===== Entries supplied

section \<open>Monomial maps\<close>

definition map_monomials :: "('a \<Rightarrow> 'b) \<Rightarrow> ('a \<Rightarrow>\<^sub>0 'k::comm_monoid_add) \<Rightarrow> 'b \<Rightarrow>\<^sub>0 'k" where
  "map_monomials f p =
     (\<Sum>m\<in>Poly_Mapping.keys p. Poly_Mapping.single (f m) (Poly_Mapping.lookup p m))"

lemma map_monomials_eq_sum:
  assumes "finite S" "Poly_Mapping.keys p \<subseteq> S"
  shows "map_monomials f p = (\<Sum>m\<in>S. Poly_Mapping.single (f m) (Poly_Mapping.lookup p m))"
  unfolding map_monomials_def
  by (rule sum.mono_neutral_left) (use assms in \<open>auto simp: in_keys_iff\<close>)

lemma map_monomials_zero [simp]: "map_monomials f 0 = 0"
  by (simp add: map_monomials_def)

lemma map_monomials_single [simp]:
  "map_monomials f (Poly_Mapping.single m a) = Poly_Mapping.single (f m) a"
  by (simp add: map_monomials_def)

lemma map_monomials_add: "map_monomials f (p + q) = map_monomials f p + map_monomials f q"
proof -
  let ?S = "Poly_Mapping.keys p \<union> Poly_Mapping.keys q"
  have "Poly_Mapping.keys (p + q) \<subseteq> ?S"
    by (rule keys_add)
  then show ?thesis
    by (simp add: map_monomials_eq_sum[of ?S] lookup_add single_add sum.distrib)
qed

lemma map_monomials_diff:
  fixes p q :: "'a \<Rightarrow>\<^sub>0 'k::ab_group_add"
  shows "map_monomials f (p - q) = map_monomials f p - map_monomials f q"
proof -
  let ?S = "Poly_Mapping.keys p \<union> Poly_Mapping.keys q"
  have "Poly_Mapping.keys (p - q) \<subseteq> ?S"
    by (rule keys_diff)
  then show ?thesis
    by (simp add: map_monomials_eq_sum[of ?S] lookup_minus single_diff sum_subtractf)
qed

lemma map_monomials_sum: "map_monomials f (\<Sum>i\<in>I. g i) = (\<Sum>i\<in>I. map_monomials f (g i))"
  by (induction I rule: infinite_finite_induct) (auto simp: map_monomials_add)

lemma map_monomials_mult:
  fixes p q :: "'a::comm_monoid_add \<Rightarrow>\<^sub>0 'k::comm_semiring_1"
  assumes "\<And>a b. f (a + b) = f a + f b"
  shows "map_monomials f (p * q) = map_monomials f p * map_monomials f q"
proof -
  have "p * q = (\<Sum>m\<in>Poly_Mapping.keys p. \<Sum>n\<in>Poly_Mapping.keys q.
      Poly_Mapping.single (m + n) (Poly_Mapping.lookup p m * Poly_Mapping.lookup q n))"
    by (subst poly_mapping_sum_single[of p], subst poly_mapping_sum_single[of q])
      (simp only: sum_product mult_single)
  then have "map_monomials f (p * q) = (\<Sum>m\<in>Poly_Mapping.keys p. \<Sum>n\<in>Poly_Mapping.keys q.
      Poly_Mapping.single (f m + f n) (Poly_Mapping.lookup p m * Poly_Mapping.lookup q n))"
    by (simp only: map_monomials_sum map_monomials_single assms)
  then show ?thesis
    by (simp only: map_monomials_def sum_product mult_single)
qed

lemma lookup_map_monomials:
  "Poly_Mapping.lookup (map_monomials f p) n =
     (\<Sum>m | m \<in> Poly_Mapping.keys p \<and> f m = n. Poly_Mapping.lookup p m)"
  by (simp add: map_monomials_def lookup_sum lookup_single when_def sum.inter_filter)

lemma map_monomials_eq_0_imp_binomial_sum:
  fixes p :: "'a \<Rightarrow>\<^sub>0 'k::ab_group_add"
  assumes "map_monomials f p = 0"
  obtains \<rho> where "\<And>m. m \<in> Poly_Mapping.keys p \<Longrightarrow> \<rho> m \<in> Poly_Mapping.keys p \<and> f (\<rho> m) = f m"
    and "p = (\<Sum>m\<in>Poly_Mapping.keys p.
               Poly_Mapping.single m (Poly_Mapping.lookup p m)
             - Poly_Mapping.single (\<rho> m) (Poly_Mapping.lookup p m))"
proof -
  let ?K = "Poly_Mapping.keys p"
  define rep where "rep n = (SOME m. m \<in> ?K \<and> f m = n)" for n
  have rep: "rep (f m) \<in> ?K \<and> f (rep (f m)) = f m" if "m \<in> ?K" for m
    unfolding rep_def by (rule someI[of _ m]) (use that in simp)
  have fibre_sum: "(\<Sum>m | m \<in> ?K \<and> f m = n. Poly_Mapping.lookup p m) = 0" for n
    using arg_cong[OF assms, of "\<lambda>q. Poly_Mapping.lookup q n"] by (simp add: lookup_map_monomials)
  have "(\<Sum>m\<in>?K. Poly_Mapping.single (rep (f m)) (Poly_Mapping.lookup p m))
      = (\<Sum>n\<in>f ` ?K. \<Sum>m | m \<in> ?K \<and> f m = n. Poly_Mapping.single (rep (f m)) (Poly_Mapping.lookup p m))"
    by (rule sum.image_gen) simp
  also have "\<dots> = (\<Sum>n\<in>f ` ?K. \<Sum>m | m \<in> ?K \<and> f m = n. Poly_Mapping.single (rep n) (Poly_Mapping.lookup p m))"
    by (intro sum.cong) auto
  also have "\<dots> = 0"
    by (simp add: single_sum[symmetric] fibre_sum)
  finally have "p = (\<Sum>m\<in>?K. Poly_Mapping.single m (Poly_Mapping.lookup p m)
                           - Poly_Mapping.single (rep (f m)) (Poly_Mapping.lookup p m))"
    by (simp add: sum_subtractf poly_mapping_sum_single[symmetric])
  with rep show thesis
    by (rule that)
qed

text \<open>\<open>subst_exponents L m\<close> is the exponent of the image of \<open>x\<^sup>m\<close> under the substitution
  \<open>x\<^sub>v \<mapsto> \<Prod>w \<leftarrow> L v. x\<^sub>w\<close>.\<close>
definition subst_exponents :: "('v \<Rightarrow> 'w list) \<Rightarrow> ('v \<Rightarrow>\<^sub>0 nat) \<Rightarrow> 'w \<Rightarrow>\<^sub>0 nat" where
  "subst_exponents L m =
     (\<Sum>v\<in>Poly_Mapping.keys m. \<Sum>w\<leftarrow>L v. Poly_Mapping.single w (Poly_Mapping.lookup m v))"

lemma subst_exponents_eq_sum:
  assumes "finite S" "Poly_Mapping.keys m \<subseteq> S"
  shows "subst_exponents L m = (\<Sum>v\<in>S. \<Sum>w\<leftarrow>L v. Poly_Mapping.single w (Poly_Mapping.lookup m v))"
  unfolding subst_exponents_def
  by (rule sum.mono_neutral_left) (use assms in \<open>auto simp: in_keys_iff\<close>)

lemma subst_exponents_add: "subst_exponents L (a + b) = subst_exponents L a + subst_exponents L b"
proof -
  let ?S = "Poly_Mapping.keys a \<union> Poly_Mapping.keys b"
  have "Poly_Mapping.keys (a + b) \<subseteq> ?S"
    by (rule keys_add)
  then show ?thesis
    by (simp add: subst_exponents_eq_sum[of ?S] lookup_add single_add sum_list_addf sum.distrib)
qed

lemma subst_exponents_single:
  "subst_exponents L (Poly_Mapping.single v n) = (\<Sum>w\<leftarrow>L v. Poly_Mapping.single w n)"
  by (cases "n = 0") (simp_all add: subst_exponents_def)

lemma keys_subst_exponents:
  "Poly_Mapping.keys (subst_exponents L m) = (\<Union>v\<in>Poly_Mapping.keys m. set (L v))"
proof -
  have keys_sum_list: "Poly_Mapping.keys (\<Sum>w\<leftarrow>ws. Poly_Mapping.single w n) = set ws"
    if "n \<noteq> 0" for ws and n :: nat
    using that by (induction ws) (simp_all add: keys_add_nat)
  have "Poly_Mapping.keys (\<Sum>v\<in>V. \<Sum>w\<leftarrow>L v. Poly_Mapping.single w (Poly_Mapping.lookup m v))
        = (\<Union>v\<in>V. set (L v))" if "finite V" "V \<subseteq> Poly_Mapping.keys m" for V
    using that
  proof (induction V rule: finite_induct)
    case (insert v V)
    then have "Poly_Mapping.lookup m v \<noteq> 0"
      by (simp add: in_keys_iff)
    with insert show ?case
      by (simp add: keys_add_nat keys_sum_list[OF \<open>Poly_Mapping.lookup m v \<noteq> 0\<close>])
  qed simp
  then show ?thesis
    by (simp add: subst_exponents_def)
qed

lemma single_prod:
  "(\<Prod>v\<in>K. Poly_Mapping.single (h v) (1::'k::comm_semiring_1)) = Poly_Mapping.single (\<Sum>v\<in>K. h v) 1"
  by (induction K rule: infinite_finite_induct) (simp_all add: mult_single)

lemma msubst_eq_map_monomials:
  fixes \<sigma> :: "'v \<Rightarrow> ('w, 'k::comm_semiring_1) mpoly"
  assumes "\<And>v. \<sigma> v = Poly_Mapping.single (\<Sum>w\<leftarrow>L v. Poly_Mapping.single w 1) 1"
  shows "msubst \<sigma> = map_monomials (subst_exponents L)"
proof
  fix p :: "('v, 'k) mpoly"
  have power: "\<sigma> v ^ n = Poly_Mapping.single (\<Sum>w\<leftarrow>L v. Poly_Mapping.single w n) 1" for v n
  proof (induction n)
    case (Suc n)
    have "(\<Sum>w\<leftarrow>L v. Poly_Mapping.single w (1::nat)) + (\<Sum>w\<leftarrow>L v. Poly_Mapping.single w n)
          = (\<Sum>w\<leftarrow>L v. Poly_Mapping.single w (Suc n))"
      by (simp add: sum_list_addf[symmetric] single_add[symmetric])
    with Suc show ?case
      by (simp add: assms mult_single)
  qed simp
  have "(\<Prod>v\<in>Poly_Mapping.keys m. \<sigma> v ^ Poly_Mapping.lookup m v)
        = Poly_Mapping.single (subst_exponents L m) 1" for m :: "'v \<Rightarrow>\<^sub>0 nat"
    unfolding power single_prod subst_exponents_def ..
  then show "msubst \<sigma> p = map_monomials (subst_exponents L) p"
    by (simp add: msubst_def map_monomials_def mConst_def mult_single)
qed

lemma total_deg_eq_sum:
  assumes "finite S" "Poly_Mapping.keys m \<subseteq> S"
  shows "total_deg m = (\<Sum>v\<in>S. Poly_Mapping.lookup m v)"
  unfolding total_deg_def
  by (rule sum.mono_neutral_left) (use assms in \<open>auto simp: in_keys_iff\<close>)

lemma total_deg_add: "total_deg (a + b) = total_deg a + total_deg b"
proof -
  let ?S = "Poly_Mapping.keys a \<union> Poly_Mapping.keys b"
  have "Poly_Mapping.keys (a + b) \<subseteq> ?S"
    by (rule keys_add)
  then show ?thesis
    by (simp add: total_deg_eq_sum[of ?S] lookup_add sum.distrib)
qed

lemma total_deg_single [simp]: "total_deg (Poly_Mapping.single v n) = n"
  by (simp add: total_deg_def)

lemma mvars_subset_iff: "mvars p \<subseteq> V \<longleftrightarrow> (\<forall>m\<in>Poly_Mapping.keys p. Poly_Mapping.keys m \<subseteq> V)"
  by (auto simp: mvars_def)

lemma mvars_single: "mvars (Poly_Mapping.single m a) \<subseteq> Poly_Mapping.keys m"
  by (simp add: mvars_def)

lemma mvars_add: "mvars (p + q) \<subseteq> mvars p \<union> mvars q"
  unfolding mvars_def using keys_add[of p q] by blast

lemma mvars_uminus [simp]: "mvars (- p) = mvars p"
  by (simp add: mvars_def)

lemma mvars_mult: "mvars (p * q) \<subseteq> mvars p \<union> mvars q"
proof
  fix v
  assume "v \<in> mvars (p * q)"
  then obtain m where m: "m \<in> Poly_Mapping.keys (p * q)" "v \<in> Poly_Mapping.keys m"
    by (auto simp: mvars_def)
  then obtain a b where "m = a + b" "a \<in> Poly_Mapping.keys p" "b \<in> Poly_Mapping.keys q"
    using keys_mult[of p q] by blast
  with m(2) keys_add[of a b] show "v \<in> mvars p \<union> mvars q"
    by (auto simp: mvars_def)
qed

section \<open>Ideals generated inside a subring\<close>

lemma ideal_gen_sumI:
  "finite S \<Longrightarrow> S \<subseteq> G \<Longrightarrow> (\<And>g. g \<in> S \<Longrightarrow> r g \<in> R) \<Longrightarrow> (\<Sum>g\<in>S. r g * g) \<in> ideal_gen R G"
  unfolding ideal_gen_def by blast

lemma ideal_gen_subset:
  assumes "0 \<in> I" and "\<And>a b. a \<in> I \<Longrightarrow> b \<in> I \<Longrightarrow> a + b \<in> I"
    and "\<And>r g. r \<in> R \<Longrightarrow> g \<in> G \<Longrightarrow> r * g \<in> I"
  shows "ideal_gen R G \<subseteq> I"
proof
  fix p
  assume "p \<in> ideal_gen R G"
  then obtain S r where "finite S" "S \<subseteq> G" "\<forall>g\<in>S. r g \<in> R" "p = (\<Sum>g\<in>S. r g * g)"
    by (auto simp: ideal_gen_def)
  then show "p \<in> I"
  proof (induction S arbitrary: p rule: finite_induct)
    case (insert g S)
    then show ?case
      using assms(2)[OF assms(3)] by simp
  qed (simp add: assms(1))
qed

==========
===== Entries supplied

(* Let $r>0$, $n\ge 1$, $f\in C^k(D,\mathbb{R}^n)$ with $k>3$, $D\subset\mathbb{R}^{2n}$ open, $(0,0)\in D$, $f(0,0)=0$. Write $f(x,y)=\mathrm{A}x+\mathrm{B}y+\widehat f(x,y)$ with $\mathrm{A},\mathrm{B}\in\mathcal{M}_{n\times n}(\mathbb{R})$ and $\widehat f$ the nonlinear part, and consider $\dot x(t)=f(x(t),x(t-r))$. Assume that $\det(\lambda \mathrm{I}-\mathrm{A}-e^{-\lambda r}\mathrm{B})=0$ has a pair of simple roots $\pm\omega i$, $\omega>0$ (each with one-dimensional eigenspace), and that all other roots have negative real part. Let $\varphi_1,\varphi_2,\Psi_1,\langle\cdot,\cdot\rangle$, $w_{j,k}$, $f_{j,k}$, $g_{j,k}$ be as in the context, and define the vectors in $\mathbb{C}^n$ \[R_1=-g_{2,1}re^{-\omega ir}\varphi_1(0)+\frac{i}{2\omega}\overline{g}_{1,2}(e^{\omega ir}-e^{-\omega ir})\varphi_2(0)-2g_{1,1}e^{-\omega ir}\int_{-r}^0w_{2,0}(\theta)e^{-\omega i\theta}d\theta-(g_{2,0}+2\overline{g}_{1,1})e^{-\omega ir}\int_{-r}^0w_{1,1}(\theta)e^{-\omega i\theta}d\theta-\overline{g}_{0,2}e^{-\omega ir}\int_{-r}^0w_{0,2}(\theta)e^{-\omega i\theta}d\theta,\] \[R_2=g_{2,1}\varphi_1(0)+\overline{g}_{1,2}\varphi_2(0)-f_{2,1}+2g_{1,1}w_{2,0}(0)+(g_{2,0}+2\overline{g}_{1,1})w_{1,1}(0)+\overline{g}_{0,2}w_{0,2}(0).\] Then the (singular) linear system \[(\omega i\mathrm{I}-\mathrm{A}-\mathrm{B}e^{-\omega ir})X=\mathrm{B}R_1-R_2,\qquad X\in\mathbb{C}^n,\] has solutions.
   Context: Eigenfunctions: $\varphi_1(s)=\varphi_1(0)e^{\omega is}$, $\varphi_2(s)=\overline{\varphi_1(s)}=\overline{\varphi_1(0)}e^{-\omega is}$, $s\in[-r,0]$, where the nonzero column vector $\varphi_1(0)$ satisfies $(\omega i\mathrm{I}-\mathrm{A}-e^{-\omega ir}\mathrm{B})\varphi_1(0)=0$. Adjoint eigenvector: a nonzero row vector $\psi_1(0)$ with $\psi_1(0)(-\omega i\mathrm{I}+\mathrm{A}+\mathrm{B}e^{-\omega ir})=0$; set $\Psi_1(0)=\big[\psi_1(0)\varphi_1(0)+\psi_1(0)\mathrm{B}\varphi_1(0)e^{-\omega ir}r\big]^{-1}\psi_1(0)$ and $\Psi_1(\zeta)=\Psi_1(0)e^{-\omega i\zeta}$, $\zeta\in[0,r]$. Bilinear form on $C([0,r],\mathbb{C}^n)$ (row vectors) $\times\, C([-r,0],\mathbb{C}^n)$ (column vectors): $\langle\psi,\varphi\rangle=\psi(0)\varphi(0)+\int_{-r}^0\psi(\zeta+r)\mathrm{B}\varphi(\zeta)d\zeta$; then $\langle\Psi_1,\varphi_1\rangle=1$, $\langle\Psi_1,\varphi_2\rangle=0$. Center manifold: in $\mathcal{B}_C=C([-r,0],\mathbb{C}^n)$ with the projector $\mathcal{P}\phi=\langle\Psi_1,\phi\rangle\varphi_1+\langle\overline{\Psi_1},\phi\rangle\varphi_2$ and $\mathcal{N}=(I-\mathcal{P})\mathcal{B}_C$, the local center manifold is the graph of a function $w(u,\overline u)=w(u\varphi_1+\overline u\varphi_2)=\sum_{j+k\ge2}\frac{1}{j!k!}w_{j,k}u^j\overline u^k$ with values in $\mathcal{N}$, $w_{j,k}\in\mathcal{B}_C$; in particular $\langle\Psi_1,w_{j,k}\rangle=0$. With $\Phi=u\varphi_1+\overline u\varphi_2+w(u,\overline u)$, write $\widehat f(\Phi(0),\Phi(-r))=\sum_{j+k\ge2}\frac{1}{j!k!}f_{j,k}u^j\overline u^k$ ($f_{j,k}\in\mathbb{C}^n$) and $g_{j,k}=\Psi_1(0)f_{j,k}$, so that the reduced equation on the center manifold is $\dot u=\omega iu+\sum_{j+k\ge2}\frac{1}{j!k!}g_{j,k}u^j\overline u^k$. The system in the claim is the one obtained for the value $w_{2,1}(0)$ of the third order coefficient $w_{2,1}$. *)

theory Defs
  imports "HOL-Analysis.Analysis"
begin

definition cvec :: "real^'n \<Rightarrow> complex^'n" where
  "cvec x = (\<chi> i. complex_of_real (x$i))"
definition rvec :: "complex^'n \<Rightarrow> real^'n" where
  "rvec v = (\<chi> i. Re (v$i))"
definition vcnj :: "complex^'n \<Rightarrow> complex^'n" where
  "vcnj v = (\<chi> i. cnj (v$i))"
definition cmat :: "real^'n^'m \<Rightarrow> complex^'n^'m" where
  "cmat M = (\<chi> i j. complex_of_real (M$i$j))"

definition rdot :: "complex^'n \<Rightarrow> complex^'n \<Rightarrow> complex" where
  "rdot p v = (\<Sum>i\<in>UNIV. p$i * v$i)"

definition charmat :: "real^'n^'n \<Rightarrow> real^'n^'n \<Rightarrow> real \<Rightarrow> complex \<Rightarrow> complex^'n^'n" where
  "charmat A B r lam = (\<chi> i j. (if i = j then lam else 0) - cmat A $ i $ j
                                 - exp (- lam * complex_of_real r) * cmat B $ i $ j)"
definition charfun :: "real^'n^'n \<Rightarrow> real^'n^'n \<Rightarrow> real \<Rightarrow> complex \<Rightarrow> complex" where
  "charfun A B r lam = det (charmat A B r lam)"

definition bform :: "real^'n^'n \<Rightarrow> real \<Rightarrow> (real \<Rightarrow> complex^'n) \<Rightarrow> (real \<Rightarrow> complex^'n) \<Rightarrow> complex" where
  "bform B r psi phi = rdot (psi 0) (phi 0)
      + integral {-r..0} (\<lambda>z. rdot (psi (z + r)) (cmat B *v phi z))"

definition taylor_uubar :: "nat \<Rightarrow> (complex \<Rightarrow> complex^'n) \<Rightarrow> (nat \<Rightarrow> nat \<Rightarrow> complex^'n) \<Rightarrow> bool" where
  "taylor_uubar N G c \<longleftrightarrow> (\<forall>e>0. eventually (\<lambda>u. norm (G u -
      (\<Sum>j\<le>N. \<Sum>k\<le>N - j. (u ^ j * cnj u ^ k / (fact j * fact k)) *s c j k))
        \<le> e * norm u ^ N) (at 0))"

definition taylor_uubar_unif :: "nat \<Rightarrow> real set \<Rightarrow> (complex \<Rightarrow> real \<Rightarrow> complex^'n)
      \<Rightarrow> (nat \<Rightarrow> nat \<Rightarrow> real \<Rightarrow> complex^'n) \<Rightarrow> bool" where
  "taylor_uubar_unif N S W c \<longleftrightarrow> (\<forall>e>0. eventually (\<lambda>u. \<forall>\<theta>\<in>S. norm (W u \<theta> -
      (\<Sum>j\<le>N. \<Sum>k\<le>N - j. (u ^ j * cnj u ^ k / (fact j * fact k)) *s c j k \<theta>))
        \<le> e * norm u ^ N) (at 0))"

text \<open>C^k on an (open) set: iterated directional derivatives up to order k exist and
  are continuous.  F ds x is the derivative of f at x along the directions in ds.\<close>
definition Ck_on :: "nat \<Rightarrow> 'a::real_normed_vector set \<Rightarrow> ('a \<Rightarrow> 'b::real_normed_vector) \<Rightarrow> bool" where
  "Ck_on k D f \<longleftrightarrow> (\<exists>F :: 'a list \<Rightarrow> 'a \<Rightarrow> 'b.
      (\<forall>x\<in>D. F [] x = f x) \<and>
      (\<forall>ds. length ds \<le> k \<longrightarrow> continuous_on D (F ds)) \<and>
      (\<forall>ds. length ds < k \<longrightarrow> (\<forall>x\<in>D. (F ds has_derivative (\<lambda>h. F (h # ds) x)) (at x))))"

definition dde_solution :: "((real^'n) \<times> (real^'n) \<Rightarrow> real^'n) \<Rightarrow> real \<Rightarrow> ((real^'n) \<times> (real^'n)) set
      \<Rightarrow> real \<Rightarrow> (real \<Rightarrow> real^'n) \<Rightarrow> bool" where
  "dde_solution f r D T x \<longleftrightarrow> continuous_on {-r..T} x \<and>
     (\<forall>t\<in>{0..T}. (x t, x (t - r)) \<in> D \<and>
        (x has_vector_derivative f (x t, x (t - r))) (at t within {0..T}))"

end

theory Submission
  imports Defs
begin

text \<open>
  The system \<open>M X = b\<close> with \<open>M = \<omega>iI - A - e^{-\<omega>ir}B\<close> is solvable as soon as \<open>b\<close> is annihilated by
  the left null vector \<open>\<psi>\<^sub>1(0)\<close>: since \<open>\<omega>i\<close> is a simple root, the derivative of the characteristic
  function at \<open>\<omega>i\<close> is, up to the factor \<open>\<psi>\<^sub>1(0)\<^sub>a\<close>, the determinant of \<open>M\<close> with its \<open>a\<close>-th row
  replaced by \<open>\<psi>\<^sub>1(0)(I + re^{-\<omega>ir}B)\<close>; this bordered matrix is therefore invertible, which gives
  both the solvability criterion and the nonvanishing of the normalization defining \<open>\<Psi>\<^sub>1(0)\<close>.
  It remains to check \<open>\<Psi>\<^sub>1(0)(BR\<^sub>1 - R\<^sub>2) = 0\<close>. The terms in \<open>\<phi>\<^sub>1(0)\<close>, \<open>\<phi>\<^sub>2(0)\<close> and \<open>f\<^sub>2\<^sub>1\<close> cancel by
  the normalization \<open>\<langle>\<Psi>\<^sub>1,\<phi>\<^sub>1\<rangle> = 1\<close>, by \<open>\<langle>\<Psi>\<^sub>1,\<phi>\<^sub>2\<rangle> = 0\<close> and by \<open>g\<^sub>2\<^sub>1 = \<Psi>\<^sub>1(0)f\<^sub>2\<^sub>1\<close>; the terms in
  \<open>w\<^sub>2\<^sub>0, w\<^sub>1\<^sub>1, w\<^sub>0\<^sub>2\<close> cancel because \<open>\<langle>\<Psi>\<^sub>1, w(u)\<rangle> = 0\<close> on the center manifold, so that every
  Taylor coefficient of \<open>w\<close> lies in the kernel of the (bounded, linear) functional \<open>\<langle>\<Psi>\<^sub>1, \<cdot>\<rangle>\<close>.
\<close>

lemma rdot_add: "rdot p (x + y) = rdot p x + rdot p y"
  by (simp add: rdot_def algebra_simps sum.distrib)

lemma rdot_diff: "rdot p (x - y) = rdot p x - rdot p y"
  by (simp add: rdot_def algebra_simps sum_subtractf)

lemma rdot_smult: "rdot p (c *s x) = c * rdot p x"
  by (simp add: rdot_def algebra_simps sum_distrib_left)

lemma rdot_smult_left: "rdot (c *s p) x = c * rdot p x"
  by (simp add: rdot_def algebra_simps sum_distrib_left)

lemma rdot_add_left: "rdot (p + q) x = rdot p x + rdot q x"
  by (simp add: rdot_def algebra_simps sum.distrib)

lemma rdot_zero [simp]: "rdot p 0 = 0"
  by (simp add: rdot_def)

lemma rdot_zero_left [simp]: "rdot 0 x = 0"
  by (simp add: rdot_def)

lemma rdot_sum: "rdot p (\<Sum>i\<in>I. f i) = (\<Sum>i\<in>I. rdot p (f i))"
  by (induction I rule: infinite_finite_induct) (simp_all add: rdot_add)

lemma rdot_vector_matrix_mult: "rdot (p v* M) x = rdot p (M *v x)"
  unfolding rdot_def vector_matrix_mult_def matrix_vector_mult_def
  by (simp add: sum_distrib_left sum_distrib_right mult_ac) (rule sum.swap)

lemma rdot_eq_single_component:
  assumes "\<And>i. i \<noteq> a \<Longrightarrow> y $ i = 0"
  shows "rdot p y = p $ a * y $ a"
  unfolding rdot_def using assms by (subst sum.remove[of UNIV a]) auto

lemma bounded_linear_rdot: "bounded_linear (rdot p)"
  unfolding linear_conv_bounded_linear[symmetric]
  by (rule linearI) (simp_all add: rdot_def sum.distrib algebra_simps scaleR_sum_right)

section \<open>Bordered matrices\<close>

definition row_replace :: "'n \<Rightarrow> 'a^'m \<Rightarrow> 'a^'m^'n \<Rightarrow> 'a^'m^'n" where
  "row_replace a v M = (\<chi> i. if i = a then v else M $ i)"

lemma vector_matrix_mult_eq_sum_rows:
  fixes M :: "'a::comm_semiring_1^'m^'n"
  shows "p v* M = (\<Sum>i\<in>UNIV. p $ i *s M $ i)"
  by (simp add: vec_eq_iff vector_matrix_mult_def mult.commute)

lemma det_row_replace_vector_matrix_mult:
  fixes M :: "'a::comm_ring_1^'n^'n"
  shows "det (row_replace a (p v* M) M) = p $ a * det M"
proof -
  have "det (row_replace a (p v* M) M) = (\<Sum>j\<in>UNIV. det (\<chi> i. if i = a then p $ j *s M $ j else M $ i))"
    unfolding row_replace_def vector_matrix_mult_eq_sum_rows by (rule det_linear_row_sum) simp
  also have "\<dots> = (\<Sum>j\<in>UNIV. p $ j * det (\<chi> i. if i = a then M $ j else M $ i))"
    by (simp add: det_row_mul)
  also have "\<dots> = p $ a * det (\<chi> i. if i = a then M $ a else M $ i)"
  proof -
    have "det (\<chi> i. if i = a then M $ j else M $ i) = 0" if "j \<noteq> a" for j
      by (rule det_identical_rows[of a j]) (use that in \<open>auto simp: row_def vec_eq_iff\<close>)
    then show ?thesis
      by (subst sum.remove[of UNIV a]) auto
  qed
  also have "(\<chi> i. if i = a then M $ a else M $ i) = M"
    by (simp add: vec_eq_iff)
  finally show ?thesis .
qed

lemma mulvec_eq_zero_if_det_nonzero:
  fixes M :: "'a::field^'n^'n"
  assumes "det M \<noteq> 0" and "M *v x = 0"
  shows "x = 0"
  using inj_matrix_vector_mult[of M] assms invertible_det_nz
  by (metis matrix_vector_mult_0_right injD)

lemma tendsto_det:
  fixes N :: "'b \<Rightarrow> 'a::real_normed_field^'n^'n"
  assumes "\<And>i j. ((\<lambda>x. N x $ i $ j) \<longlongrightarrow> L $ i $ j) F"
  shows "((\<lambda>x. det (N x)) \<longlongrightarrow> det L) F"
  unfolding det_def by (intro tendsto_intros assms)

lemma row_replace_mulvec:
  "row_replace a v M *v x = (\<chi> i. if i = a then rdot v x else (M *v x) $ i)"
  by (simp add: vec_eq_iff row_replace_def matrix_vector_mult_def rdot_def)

==========

Instructions for the task:
The result is a copy of every line above where the word "symmetric" shows up.

Completed task:
    by (simp add: single_sum[symmetric] fibre_sum)
    by (simp add: sum_subtractf poly_mapping_sum_single[symmetric])
      by (simp add: sum_list_addf[symmetric] single_add[symmetric])
  unfolding linear_conv_bounded_linear[symmetric]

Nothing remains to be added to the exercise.